Doorgaan naar inhoudsopgave

Activiteiten die buiten het lesrooster vallen

Activiteiten die buiten het lesrooster vallen

Activiteiten die buiten het lesrooster vallen

Jehovah’s Getuigen geloven dat het leven meer te bieden moet hebben dan louter studeren en werken. Tijdens de schooluren voorzien bijvoorbeeld gymnastiek- en handvaardigheidslessen in de noodzakelijke afwisseling en ontspanning. Toch is het u misschien wel opgevallen dat de meeste jeugdige Getuigen niet meedoen aan door de school georganiseerde activiteiten die buiten het lesrooster vallen. Een korte verklaring kan u helpen onze kijk op deze kwestie te begrijpen.

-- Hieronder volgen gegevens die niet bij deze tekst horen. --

(* Consider two $K$-tier open access networks as described in the context, identical (same point processes $\Phi_k$, powers $P_k$, target SIRs $\beta_k$, path loss exponent $\alpha$) and with the same number of antennas $M_k$ in each tier $k$, where in the first network tier $k$ serves $\Psi_k$ users and in the second $\Psi'_k$ users, with $\Psi_k\le\Psi'_k\le M_k$ for all $k$. Then the coverage probability of the first network is greater than or equal to that of the second.
   Context: Downlink $K$-tier cellular network with tiers indexed by $\mathcal{K}=\{1,\dots,K\}$. Tier-$k$ base stations (BSs) are located at the points of a stationary point process $\Phi_k\subset\mathbb{R}^2$ (not necessarily independent across tiers), transmit with per-user power $P_k>0$, have target SIR $\beta_k>0$, have $M_k$ antennas and serve $\Psi_k\le M_k$ users per resource block (positive integers); set $\Delta_k=M_k-\Psi_k+1$. $\alpha$ is the path loss exponent; a typical user is at the origin. Each BS at $x\in\Phi_k$ carries channel-power marks $h_{kx}\sim\Gamma(\Delta_k,1)$ (desired link) and $g_{kx}\sim\Gamma(\Psi_k,1)$ (interfering link), all mutually independent and independent of the point processes. $\mathrm{SIR}(x_k)=\dfrac{P_kh_{kx_k}\|x_k\|^{-\alpha}}{\sum_{j\in\mathcal{K}}\sum_{y\in\Phi_j\setminus\{x_k\}}P_jg_{jy}\|y\|^{-\alpha}}$ for $x_k\in\Phi_k$, and the open access coverage probability is $\mathbb{P}\big(\bigcup_{k\in\mathcal{K}}\{\max_{x_k\in\Phi_k}\mathrm{SIR}(x_k)>\beta_k\}\big)$. $\Gamma(a,1)$ is the Gamma distribution with shape $a$, scale $1$. *)

theory Defs
  imports "HOL-Probability.Probability"
begin

type_synonym point = "real ^ 2"

text \<open>A configuration of the K-tier network: tier k (for k in 1..K) is the set of
  base station locations phi k; tiers outside 1..K are empty.  Locally finite.\<close>
type_synonym config = "nat \<Rightarrow> point set"

definition lf_configs :: "nat \<Rightarrow> config set" where
  "lf_configs K = {\<phi>. (\<forall>k. k \<notin> {1..K} \<longrightarrow> \<phi> k = {}) \<and>
                        (\<forall>k B. bounded B \<longrightarrow> finite (\<phi> k \<inter> B))}"

definition config_space :: "nat \<Rightarrow> config measure" where
  "config_space K = sigma (lf_configs K)
     {{\<phi> \<in> lf_configs K. card (\<phi> k \<inter> B) = n} | k B n. B \<in> sets borel \<and> bounded B}"

definition stationary :: "nat \<Rightarrow> config measure \<Rightarrow> bool" where
  "stationary K Q \<longleftrightarrow> (\<forall>v::point. distr Q (config_space K) (\<lambda>\<phi> k. (\<lambda>x. v + x) ` \<phi> k) = Q)"

text \<open>Gamma(a,1) distribution for positive integer shape a (= Erlang).\<close>
definition gamma_dist :: "nat \<Rightarrow> real measure" where
  "gamma_dist a = density lborel (erlang_density (a - 1) 1)"

definition bs_index :: "nat \<Rightarrow> config \<Rightarrow> (nat \<times> point) set" where
  "bs_index K \<phi> = {(k, x). k \<in> {1..K} \<and> x \<in> \<phi> k}"

text \<open>Marks of the BSs of a given configuration: at BS (k,x) the pair
  (h_kx, g_kx) with h ~ Gamma(Delta_k,1), g ~ Gamma(Psi_k,1), all independent.\<close>
definition mark_measure ::
  "nat \<Rightarrow> (nat \<Rightarrow> nat) \<Rightarrow> (nat \<Rightarrow> nat) \<Rightarrow> config \<Rightarrow> ((nat \<times> point) \<Rightarrow> real \<times> real) measure" where
  "mark_measure K Mant Psi \<phi> =
     PiM (bs_index K \<phi>) (\<lambda>(k, x). gamma_dist (Mant k - Psi k + 1) \<Otimes>\<^sub>M gamma_dist (Psi k))"

definition SIR ::
  "nat \<Rightarrow> real \<Rightarrow> (nat \<Rightarrow> real) \<Rightarrow> config \<Rightarrow> ((nat \<times> point) \<Rightarrow> real \<times> real) \<Rightarrow> nat \<Rightarrow> point \<Rightarrow> ennreal" where
  "SIR K \<alpha> P \<phi> \<omega> k x =
     ennreal (P k * fst (\<omega> (k, x)) * norm x powr (- \<alpha>)) /
     (\<integral>\<^sup>+ jy. ennreal (P (fst jy) * snd (\<omega> jy) * norm (snd jy) powr (- \<alpha>))
        \<partial>count_space {(j, y). j \<in> {1..K} \<and> y \<in> \<phi> j \<and> y \<noteq> x})"

definition covered ::
  "nat \<Rightarrow> real \<Rightarrow> (nat \<Rightarrow> real) \<Rightarrow> (nat \<Rightarrow> real) \<Rightarrow> config \<Rightarrow> ((nat \<times> point) \<Rightarrow> real \<times> real) \<Rightarrow> bool" where
  "covered K \<alpha> P \<beta> \<phi> \<omega> \<longleftrightarrow> (\<exists>k\<in>{1..K}. \<exists>x\<in>\<phi> k. SIR K \<alpha> P \<phi> \<omega> k x > ennreal (\<beta> k))"

text \<open>Open access coverage probability: marks are independent of the point
  processes, so it is the average over the configuration law Q of the conditional
  coverage probability given the configuration.\<close>
definition coverage_prob ::
  "nat \<Rightarrow> real \<Rightarrow> (nat \<Rightarrow> real) \<Rightarrow> (nat \<Rightarrow> real) \<Rightarrow> (nat \<Rightarrow> nat) \<Rightarrow> (nat \<Rightarrow> nat) \<Rightarrow> config measure \<Rightarrow> ennreal" where
  "coverage_prob K \<alpha> P \<beta> Mant Psi Q =
     (\<integral>\<^sup>+ \<phi>. ennreal (measure (mark_measure K Mant Psi \<phi>)
        {\<omega> \<in> space (mark_measure K Mant Psi \<phi>). covered K \<alpha> P \<beta> \<phi> \<omega>}) \<partial>Q)"

end

theory Submission
  imports Defs
begin

text \<open>
  The comparison holds for every fixed configuration of base stations. Given a configuration, couple the
  marks of the two networks at each base station: with independent
  \<open>A \<sim> \<Gamma>(M - \<Psi>' + 1)\<close>, \<open>B \<sim> \<Gamma>(\<Psi>)\<close> and \<open>W, W' \<sim> \<Gamma>(\<Psi>' - \<Psi>)\<close>, the first network
  sees \<open>(h, g) = (A + W, B)\<close> and the second \<open>(h', g') = (A, B + W')\<close>, which have the right
  laws because Gamma distributions with a common scale add. Pointwise \<open>h \<ge> h'\<close> and
  \<open>g \<le> g'\<close>, so every SIR of the first network dominates the corresponding SIR of the
  second, and coverage of the second implies coverage of the first.
\<close>

lemma AE_pair_snd:
  assumes "prob_space M" "prob_space N" and [measurable]: "Measurable.pred N P"
    and "AE y in N. P y"
  shows "AE x in M \<Otimes>\<^sub>M N. P (snd x)"
proof -
  interpret pair_prob_space M N
    using assms(1,2) by (simp add: pair_prob_space_def pair_sigma_finite_def prob_space_imp_sigma_finite)
  show ?thesis
    by (rule AE_pair_measure) (use assms(4) in auto)
qed

lemma measurable_compose_PiM:
  assumes "\<And>i. i \<in> I \<Longrightarrow> f \<in> M i \<rightarrow>\<^sub>M M' i"
  shows "compose I f \<in> PiM I M \<rightarrow>\<^sub>M PiM I M'"
  unfolding compose_def
  by (rule measurable_restrict) (use assms in \<open>auto intro: measurable_compose[OF measurable_component_singleton]\<close>)

lemma distr_PiM_compose:
  assumes M: "\<And>i. i \<in> I \<Longrightarrow> prob_space (M i)"
    and f: "\<And>i. i \<in> I \<Longrightarrow> f \<in> M i \<rightarrow>\<^sub>M M' i"
  shows "distr (PiM I M) (PiM I M') (compose I f) = PiM I (\<lambda>i. distr (M i) (M' i) f)"
proof (rule measure_eqI_PiM_infinite[symmetric])
  let ?D = "\<lambda>i. distr (M i) (M' i) f"
  have F: "compose I f \<in> PiM I M \<rightarrow>\<^sub>M PiM I M'"
    using f by (rule measurable_compose_PiM)
  have sets_D: "sets (PiM I ?D) = sets (PiM I M')"
    by (auto intro!: sets_PiM_cong)
  then show "sets (distr (PiM I M) (PiM I M') (compose I f)) = sets (PiM I ?D)"
    by simp
  show "finite_measure (PiM I ?D)"
  proof -
    have "prob_space (PiM I ?D)"
      using M f by (auto intro!: prob_space_PiM prob_space.prob_space_distr)
    then show ?thesis by (simp add: prob_space_def)
  qed
  fix A J assume J: "finite J" "J \<subseteq> I" and A: "\<And>i. i \<in> J \<Longrightarrow> A i \<in> sets (?D i)"
  have A': "\<And>i. i \<in> J \<Longrightarrow> A i \<in> sets (M' i)" using A by simp
  have "emeasure (PiM I ?D) (prod_emb I ?D J (Pi\<^sub>E J A)) = (\<Prod>j\<in>J. emeasure (?D j) (A j))"
    using J A M f by (intro emeasure_PiM_emb prob_space.prob_space_distr) auto
  also have "\<dots> = (\<Prod>j\<in>J. emeasure (M j) (f -` A j \<inter> space (M j)))"
    using J A' f by (intro prod.cong refl emeasure_distr) auto
  also have "\<dots> = emeasure (PiM I M) (prod_emb I M J (Pi\<^sub>E J (\<lambda>j. f -` A j \<inter> space (M j))))"
    using J A' f M by (intro emeasure_PiM_emb[symmetric]) (auto intro!: measurable_sets)
  also have "prod_emb I M J (Pi\<^sub>E J (\<lambda>j. f -` A j \<inter> space (M j)))
      = compose I f -` prod_emb I ?D J (Pi\<^sub>E J A) \<inter> space (PiM I M)"
    using J measurable_space[OF f]
    by (auto simp: prod_emb_def space_PiM PiE_iff compose_def subset_eq)
  also have "emeasure (PiM I M) \<dots> = emeasure (distr (PiM I M) (PiM I M') (compose I f)) (prod_emb I ?D J (Pi\<^sub>E J A))"
    using J A sets_D by (intro emeasure_distr[symmetric] F) (auto intro!: sets_PiM_I simp del: sets_distr)
  finally show "emeasure (PiM I ?D) (prod_emb I ?D J (Pi\<^sub>E J A)) = \<dots>" .
qed simp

Gezinnen van Getuigen hebben al een heel programma van activiteiten waarbij hun aanbidding centraal staat. En ouders worden aangemoedigd in dit op het gezin georiënteerde programma de vrijetijdsbesteding op te nemen. Doordat de ouders de vrijetijdsbesteding en ontspanning van hun kinderen organiseren en erop toezien, en er vaak samen met hen aan meedoen, is het nodige toezicht verzekerd.

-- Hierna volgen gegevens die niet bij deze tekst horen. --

(* Let $\Pi_n$ be a PARITY$_n$ program such that no rule $y\leftarrow B$ of $\Pi_n$ has $y\in var(B)$ and every rule body of $\Pi_n$ is consistent. Then there is a standard PARITY$_n$ program $\Pi_n'$ (again with no rule $y\leftarrow B$ having $y\in var(B)$ and with all bodies consistent) such that $|\Pi_n'|\le|\Pi_n|$.
   Context: A rule element is one of $\top$, $\bot$, $x$, $not\ x$, $not\ not\ x$, where $x$ is a variable. A (canonical) rule is $H\leftarrow B$ with $H$ a variable or $\bot$ and $B$ a finite set of rule elements; a canonical program is a finite set of rules. For a body $B$, $var(B)=\{e\in B: e\text{ is a variable}\}$. For a set of variables $I$: $I\models\top$; $I\not\models\bot$; $I\models x$ iff $I\models not\ not\ x$ iff $x\in I$; $I\models not\ x$ iff $x\notin I$; $I\models B$ iff $I$ satisfies every element of $B$; $I$ is closed under $H\leftarrow B$ if $I\models B$ implies $I\models H$. The reduct $\Pi^I$ replaces $not\ not\ x$ by $\top$ if $x\in I$ else $\bot$, and $not\ x$ by $\top$ if $x\notin I$ else $\bot$; $I$ is an answer set of $\Pi$ if $I$ is the least set closed under all rules of $\Pi^I$; $Ans(\Pi)$ is the set of answer sets; $var(\Pi)$ the set of variables occurring in $\Pi$; $|\Pi|$ the number of rules. Strings $w\in\{0,1\}^n$ are identified with $\{x_i:w_i=1\}$; PARITY$_n$ is the set of strings in $\{0,1\}^n$ with an odd number of 1's; a PARITY$_n$ program is a canonical program $\Pi$ with $var(\Pi)=\{x_1,\dots,x_n\}$ and $Ans(\Pi)=$ PARITY$_n$. For a set $B$ of rule elements, $S(B)=\{I\subseteq\{x_1,\dots,x_n\}: I\models B\}$; $B$ is consistent if $S(B)\neq\emptyset$. A PARITY$_n$ program $\Pi$ is standard if for every rule $x\leftarrow B\in\Pi$ with head a variable $x$: whenever $S(B\cup\{x\})$ has exactly one element, $not\ not\ x\notin B$. *)

theory Defs
  imports Main
begin

text \<open>Variables are natural numbers; variable x_i is the number i.\<close>

datatype elem = ETop | EBot | Pos nat | Neg nat | NNeg nat
  (* \<top>, \<bot>, x, not x, not not x *)

datatype head = HVar nat | HBot

type_synonym rule = "head \<times> elem set"
type_synonym program = "rule set"

definition canonical :: "program \<Rightarrow> bool" where
  "canonical P \<longleftrightarrow> finite P \<and> (\<forall>r\<in>P. finite (snd r))"

fun sat_elem :: "nat set \<Rightarrow> elem \<Rightarrow> bool" where
  "sat_elem I ETop = True"
| "sat_elem I EBot = False"
| "sat_elem I (Pos x) = (x \<in> I)"
| "sat_elem I (Neg x) = (x \<notin> I)"
| "sat_elem I (NNeg x) = (x \<in> I)"

definition sat_body :: "nat set \<Rightarrow> elem set \<Rightarrow> bool" where
  "sat_body I B \<longleftrightarrow> (\<forall>e\<in>B. sat_elem I e)"

fun sat_head :: "nat set \<Rightarrow> head \<Rightarrow> bool" where
  "sat_head I (HVar x) = (x \<in> I)"
| "sat_head I HBot = False"

definition closed_under :: "nat set \<Rightarrow> program \<Rightarrow> bool" where
  "closed_under I P \<longleftrightarrow> (\<forall>(H, B)\<in>P. sat_body I B \<longrightarrow> sat_head I H)"

fun reduct_elem :: "nat set \<Rightarrow> elem \<Rightarrow> elem" where
  "reduct_elem I (NNeg x) = (if x \<in> I then ETop else EBot)"
| "reduct_elem I (Neg x) = (if x \<notin> I then ETop else EBot)"
| "reduct_elem I e = e"

definition reduct :: "program \<Rightarrow> nat set \<Rightarrow> program" where
  "reduct P I = (\<lambda>(H, B). (H, reduct_elem I ` B)) ` P"

definition answer_set :: "program \<Rightarrow> nat set \<Rightarrow> bool" where
  "answer_set P I \<longleftrightarrow> closed_under I (reduct P I) \<and>
     (\<forall>J. closed_under J (reduct P I) \<longrightarrow> I \<subseteq> J)"

definition Ans :: "program \<Rightarrow> nat set set" where
  "Ans P = {I. answer_set P I}"

fun elem_vars :: "elem \<Rightarrow> nat set" where
  "elem_vars (Pos x) = {x}"
| "elem_vars (Neg x) = {x}"
| "elem_vars (NNeg x) = {x}"
| "elem_vars _ = {}"

fun head_vars :: "head \<Rightarrow> nat set" where
  "head_vars (HVar x) = {x}"
| "head_vars HBot = {}"

definition prog_vars :: "program \<Rightarrow> nat set" where
  "prog_vars P = (\<Union>(H, B)\<in>P. head_vars H \<union> (\<Union>e\<in>B. elem_vars e))"

text \<open>var(B): the elements of B that are (plain) variables.\<close>
definition body_var :: "elem set \<Rightarrow> nat set" where
  "body_var B = {x. Pos x \<in> B}"

definition PARITY :: "nat \<Rightarrow> nat set set" where
  "PARITY n = {I. I \<subseteq> {1..n} \<and> odd (card I)}"

definition parity_program :: "nat \<Rightarrow> program \<Rightarrow> bool" where
  "parity_program n P \<longleftrightarrow> canonical P \<and> prog_vars P = {1..n} \<and> Ans P = PARITY n"

definition S :: "nat \<Rightarrow> elem set \<Rightarrow> nat set set" where
  "S n B = {I. I \<subseteq> {1..n} \<and> sat_body I B}"

definition consistent :: "nat \<Rightarrow> elem set \<Rightarrow> bool" where
  "consistent n B \<longleftrightarrow> S n B \<noteq> {}"

definition standard :: "nat \<Rightarrow> program \<Rightarrow> bool" where
  "standard n P \<longleftrightarrow> parity_program n P \<and>
     (\<forall>x B. (HVar x, B) \<in> P \<longrightarrow> card (S n (insert (Pos x) B)) = 1 \<longrightarrow> NNeg x \<notin> B)"

definition no_self_dep :: "program \<Rightarrow> bool" where
  "no_self_dep P \<longleftrightarrow> (\<forall>y B. (HVar y, B) \<in> P \<longrightarrow> y \<notin> body_var B)"

definition bodies_consistent :: "nat \<Rightarrow> program \<Rightarrow> bool" where
  "bodies_consistent n P \<longleftrightarrow> (\<forall>(H, B)\<in>P. consistent n B)"

end

theory Submission
  imports Defs
begin

(* A rule x <- B with "not not x" in B and exactly one model I0 of B (which then contains x)
   only constrains the two candidates I0 and I0 - {x}, and exactly one of them has odd size.
   If |I0| is odd, dropping "not not x" from B keeps I0 an answer set and still excludes
   I0 - {x}; if |I0| is even, the constraint  False <- B  excludes I0 just as well. Either
   replacement removes one nonstandard rule without creating another or adding rules, so
   iterating it yields a standard program. *)

lemma reduct_Un: "reduct (P \<union> Q) I = reduct P I \<union> reduct Q I"
  by (simp add: reduct_def image_Un)

lemma closed_under_Un: "closed_under J (P \<union> Q) \<longleftrightarrow> closed_under J P \<and> closed_under J Q"
  by (auto simp: closed_under_def)

lemma closed_under_reduct_singleton [simp]:
  "closed_under J (reduct {(H, B)} I) \<longleftrightarrow> (sat_body J (reduct_elem I ` B) \<longrightarrow> sat_head J H)"
  by (simp add: closed_under_def reduct_def)

lemma closed_under_reduct_iff:
  "closed_under J (reduct P I) \<longleftrightarrow>
     (\<forall>(H, B)\<in>P. sat_body J (reduct_elem I ` B) \<longrightarrow> sat_head J H)"
  by (auto simp: closed_under_def reduct_def)

lemma sat_body_reduct_mono:
  assumes "J \<subseteq> K" "sat_body J (reduct_elem I ` B)"
  shows "sat_body K (reduct_elem I ` B)"
proof -
  have "sat_elem K (reduct_elem I e)" if "sat_elem J (reduct_elem I e)" for e
    using that assms(1) by (cases e) (auto split: if_splits)
  then show ?thesis using assms(2) by (auto simp: sat_body_def)
qed

lemma sat_body_reduct_self [simp]: "sat_body I (reduct_elem I ` B) \<longleftrightarrow> sat_body I B"
proof -
  have "sat_elem I (reduct_elem I e) = sat_elem I e" for e
    by (cases e) auto
  then show ?thesis by (simp add: sat_body_def)
qed

lemma closed_under_reduct_Int:
  assumes "closed_under J (reduct P I)" "closed_under K (reduct P I)"
  shows "closed_under (J \<inter> K) (reduct P I)"
  unfolding closed_under_reduct_iff
proof (intro ballI, clarify)
  fix H B assume "(H, B) \<in> P" "sat_body (J \<inter> K) (reduct_elem I ` B)"
  then have "sat_head J H" "sat_head K H"
    using assms sat_body_reduct_mono[of "J \<inter> K"] by (fastforce simp: closed_under_reduct_iff)+
  then show "sat_head (J \<inter> K) H" by (cases H) auto
qed

text \<open>Since closed sets of a reduct are closed under intersection, minimality of an answer set
  only needs to be tested below it.\<close>

lemma answer_set_iff_minimal_below:
  "answer_set P I \<longleftrightarrow>
     closed_under I (reduct P I) \<and> (\<forall>J\<subseteq>I. closed_under J (reduct P I) \<longrightarrow> J = I)"
proof
  assume "closed_under I (reduct P I) \<and> (\<forall>J\<subseteq>I. closed_under J (reduct P I) \<longrightarrow> J = I)"
  moreover have "I \<subseteq> J" if "closed_under J (reduct P I)" "closed_under I (reduct P I)"
      "\<forall>J\<subseteq>I. closed_under J (reduct P I) \<longrightarrow> J = I" for J
    using that closed_under_reduct_Int[OF that(1,2)] by blast
  ultimately show "answer_set P I" by (simp add: answer_set_def)
qed (auto simp: answer_set_def)

lemma answer_set_replace_rule:
  assumes "r \<in> P"
    and "\<And>J. J \<subseteq> I \<Longrightarrow> closed_under J (reduct {r'} I) \<longleftrightarrow> closed_under J (reduct {r} I)"
  shows "answer_set (insert r' (P - {r})) I \<longleftrightarrow> answer_set P I"
proof -
  have "P = {r} \<union> (P - {r})" "insert r' (P - {r}) = {r'} \<union> (P - {r})"
    using assms(1) by auto
  then have "closed_under J (reduct (insert r' (P - {r})) I) \<longleftrightarrow> closed_under J (reduct P I)"
    if "J \<subseteq> I" for J
    using assms(2)[OF that] by (metis reduct_Un closed_under_Un)
  then show ?thesis by (simp add: answer_set_iff_minimal_below)
qed

lemma answer_set_replace_unsatisfied_rule:
  assumes "(H, B) \<in> P" "\<not> sat_body I B" "\<not> sat_body I B'"
  shows "answer_set (insert (H', B') (P - {(H, B)})) I \<longleftrightarrow> answer_set P I"
proof (rule answer_set_replace_rule[OF assms(1)])
  fix J assume "J \<subseteq> I"
  have "\<not> sat_body J (reduct_elem I ` C)" if "\<not> sat_body I C" for C
    using that sat_body_reduct_mono[OF \<open>J \<subseteq> I\<close>] sat_body_reduct_self by blast
  then show "closed_under J (reduct {(H', B')} I) \<longleftrightarrow> closed_under J (reduct {(H, B)} I)"
    using assms(2,3) by simp
qed

lemma violated_rule_not_answer_set:
  assumes "(H, B) \<in> P" "sat_body I B" "\<not> sat_head I H"
  shows "\<not> answer_set P I"
proof
  assume "answer_set P I"
  then have "closed_under I (reduct P I)" by (simp add: answer_set_def)
  then show False using assms unfolding closed_under_reduct_iff by auto
qed

lemma answer_set_subset_prog_vars:
  assumes "answer_set P I"
  shows "I \<subseteq> prog_vars P"
proof -
  have closed: "closed_under I (reduct P I)"
    and minimal: "\<forall>J\<subseteq>I. closed_under J (reduct P I) \<longrightarrow> J = I"
    using assms by (auto simp: answer_set_iff_minimal_below)
  have "closed_under (I \<inter> prog_vars P) (reduct P I)"
    unfolding closed_under_reduct_iff
  proof (intro ballI, clarify)
    fix H B assume HB: "(H, B) \<in> P" "sat_body (I \<inter> prog_vars P) (reduct_elem I ` B)"
    then have "sat_head I H"
      using closed sat_body_reduct_mono[of "I \<inter> prog_vars P" I] by (fastforce simp: closed_under_reduct_iff)
    moreover have "head_vars H \<subseteq> prog_vars P" using HB(1) by (auto simp: prog_vars_def)
    ultimately show "sat_head (I \<inter> prog_vars P) H" by (cases H) auto
  qed
  then show ?thesis using minimal by blast
qed

lemma Ans_eqI:
  assumes "prog_vars P' = prog_vars P"
    and "\<And>I. I \<subseteq> prog_vars P \<Longrightarrow> answer_set P' I \<longleftrightarrow> answer_set P I"
  shows "Ans P' = Ans P"
proof -
  have "answer_set P' I \<longleftrightarrow> answer_set P I" for I
    using assms answer_set_subset_prog_vars[of P' I] answer_set_subset_prog_vars[of P I] by blast
  then show ?thesis by (simp add: Ans_def)
qed

lemma prog_vars_insert:
  "prog_vars (insert (H, B) P) = head_vars H \<union> (\<Union>e\<in>B. elem_vars e) \<union> prog_vars P"
  by (auto simp: prog_vars_def)

lemma sat_body_insert_var:
  assumes "sat_body I (B - {NNeg x})" "Pos x \<notin> B" "Neg x \<notin> B"
  shows "sat_body (insert x I) B"
proof -
  have "sat_elem (insert x I) e" if "e \<in> B" for e
  proof -
    have "e = NNeg x \<or> sat_elem I e"
      using that assms(1) by (auto simp: sat_body_def)
    then show ?thesis
      using that assms(2,3) by (cases e) auto
  qed
  then show ?thesis by (simp add: sat_body_def)
qed

definition nonstandard_rules :: "nat \<Rightarrow> program \<Rightarrow> rule set" where
  "nonstandard_rules n P =
     {r \<in> P. \<exists>x B. r = (HVar x, B) \<and> card (S n (insert (Pos x) B)) = 1 \<and> NNeg x \<in> B}"

lemma standard_iff_no_nonstandard_rules:
  "standard n P \<longleftrightarrow> parity_program n P \<and> nonstandard_rules n P = {}"
  by (auto simp: standard_def nonstandard_rules_def)

lemma parity_program_replace_rule:
  assumes "parity_program n P" "finite B'"
    and "prog_vars (insert (H', B') (P - {r})) = prog_vars P"
    and "Ans (insert (H', B') (P - {r})) = Ans P"
  shows "parity_program n (insert (H', B') (P - {r}))"
  using assms by (auto simp: parity_program_def canonical_def)

text \<open>As "not not x" occurs in B, the unique model I0 of B is also the unique model of B + {x}
  required in the definition of a nonstandard rule.\<close>

locale nonstandard_rule =
  fixes n :: nat and P :: program and x :: nat and B :: "elem set" and I0 :: "nat set"
  assumes parity: "parity_program n P"
    and rule: "(HVar x, B) \<in> P"
    and nnot: "NNeg x \<in> B"
    and no_pos: "Pos x \<notin> B"
    and unique_model: "S n B = {I0}"
begin

lemma I0_subset: "I0 \<subseteq> {1..n}"
  and I0_sat: "sat_body I0 B"
  using unique_model by (auto simp: S_def)

lemma x_in_I0: "x \<in> I0"
  using I0_sat nnot by (auto simp: sat_body_def)

lemma no_neg: "Neg x \<notin> B"
  using I0_sat x_in_I0 by (auto simp: sat_body_def)

lemma eq_I0: "I \<subseteq> {1..n} \<Longrightarrow> sat_body I B \<Longrightarrow> I = I0"
  using unique_model by (auto simp: S_def)

lemma finite_body: "finite B"
  using parity rule by (auto simp: parity_program_def canonical_def)

lemma prog_vars_P: "prog_vars P = {1..n}"
  using parity by (simp add: parity_program_def)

Af en toe zullen enkele gezinnen van Getuigen bij elkaar komen om in hun vrije tijd iets gezamenlijk te ondernemen. Zij reizen ook verscheidene malen per jaar naar grotere bijeenkomsten die kringvergaderingen en districtscongressen worden genoemd. Tijdens deze reizen doet zich soms de gelegenheid voor om museums, historische plekjes en andere plaatsen van cultureel belang te bezoeken. Op deze bijeenkomsten genieten jonge Getuigen van omgang met vele jongeren uit andere delen van het land die hetzelfde levensdoel hebben als zij, namelijk hun God, Jehovah, te dienen.

Wij vinden het bijzonder belangrijk dat onze jongeren deze gezonde omgang hebben, vooral met het oog op de achteruitgaande morele maatstaven in de tegenwoordige mensenmaatschappij. Jehovah’s Getuigen vatten de bijbelse waarschuwing ernstig op: „Slechte omgang bederft nuttige gewoonten.” En zoals reeds eerder opgemerkt, proberen wij ons te houden aan datgene wat Christus tot zijn volgelingen zei: ’Gij zijt geen deel van de wereld’ (1 Korinthiërs 15:33; Johannes 15:19). Deze beginselen zijn doorslaggevend voor de kijk die gezinnen van Getuigen hebben op de activiteiten die buiten het lesrooster vallen, waaronder de volgende:

Sport: Lichamelijke oefening, zoals wij die bij sport krijgen, is goed voor ons. Maar de bijbel plaatst de zaak in het juiste perspectief door te zeggen: „Oefen u . . . met godvruchtige toewijding als uw doel. Want lichamelijke oefening is nuttig voor weinig, maar godvruchtige toewijding is nuttig voor alle dingen” (1 Timotheüs 4:7, 8). In overeenstemming met deze raad erkennen Jehovah’s Getuigen dat lichamelijke oefening waarde heeft en waarderen zij wat in het kader van het schoolprogramma op dit terrein wordt gedaan.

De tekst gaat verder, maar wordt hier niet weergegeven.